▸ **DIRECTIONS**
Your output should be the lines from the one with "by (rule mult_left_mono) simp" through the end of the entries below, set down word for word and nothing else.

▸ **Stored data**
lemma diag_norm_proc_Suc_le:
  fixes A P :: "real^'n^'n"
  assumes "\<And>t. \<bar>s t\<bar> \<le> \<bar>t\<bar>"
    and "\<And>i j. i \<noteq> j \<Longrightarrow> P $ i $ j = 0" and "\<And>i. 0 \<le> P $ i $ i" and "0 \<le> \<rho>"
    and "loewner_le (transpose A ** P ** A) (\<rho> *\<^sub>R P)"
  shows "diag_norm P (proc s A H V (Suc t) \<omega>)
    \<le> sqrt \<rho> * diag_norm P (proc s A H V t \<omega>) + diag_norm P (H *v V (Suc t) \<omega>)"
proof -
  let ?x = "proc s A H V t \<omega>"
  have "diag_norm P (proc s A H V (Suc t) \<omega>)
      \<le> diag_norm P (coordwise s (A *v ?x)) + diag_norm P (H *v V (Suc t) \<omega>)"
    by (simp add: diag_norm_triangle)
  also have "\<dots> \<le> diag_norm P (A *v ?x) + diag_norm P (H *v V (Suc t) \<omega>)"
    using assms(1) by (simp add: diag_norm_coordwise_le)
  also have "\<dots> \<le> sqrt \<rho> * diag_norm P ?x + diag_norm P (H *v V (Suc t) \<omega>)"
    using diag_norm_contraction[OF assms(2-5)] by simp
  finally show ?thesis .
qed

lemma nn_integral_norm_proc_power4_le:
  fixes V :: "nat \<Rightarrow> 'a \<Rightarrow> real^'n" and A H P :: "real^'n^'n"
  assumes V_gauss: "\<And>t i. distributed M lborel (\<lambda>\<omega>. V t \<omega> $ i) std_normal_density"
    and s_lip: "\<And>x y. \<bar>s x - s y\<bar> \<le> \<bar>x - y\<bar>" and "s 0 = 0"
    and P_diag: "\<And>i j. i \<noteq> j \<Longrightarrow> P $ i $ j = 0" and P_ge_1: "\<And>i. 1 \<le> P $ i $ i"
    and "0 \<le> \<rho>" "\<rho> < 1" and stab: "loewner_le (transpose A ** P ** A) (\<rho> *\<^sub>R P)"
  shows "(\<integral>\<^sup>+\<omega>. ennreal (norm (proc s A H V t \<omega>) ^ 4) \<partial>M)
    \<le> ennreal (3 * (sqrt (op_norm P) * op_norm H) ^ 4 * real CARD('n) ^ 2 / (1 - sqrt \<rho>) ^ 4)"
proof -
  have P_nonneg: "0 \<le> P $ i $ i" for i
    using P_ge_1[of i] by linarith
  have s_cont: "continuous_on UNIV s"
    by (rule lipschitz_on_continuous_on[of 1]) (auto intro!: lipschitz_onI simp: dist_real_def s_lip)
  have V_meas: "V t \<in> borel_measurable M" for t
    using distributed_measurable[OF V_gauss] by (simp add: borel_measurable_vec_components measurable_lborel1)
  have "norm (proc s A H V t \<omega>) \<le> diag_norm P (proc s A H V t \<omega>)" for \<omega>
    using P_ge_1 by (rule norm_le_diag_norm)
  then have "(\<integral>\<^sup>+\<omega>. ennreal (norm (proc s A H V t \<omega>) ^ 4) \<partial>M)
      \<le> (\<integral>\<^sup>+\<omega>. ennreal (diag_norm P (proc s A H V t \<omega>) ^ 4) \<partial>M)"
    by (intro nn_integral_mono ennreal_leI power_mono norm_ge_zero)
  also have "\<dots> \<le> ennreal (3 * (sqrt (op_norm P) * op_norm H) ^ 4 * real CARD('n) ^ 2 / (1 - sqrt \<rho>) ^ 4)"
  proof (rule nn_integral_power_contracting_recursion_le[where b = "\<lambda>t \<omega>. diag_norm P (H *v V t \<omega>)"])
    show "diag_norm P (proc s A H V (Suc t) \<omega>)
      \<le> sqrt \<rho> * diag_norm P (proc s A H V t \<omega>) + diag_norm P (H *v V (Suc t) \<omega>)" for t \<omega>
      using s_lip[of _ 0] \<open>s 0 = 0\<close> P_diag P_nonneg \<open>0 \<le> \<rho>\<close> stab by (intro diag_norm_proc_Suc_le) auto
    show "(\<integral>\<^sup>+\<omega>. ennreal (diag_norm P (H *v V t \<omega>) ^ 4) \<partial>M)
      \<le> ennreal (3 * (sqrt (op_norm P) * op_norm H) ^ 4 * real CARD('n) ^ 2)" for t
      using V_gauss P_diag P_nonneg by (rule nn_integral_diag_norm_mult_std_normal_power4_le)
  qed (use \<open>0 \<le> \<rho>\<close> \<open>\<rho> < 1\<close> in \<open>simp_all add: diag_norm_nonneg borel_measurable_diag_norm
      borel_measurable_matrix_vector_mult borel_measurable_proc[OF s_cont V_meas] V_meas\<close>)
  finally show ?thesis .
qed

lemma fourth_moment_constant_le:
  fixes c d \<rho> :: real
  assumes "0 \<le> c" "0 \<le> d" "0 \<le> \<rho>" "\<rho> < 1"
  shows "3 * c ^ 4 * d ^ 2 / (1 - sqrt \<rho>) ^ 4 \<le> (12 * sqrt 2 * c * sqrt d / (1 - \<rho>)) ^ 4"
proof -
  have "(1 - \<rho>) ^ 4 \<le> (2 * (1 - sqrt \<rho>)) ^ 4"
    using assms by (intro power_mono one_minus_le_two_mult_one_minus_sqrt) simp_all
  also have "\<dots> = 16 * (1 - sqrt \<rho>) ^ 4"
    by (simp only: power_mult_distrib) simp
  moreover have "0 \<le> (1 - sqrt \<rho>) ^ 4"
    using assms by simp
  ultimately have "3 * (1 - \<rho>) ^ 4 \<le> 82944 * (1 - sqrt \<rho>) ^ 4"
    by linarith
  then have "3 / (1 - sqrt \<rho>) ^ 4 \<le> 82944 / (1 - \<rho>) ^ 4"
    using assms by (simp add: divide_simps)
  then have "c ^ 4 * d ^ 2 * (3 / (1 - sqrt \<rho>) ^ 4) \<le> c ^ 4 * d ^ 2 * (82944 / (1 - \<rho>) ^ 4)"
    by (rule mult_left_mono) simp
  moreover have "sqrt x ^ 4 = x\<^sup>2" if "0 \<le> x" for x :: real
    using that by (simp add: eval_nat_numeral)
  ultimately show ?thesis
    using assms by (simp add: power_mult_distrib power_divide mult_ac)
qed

▸ **SOLUTION TO THIS EXERCISE**
    by (rule mult_left_mono) simp
  moreover have "sqrt x ^ 4 = x\<^sup>2" if "0 \<le> x" for x :: real
    using that by (simp add: eval_nat_numeral)
  ultimately show ?thesis
    using assms by (simp add: power_mult_distrib power_divide mult_ac)
qed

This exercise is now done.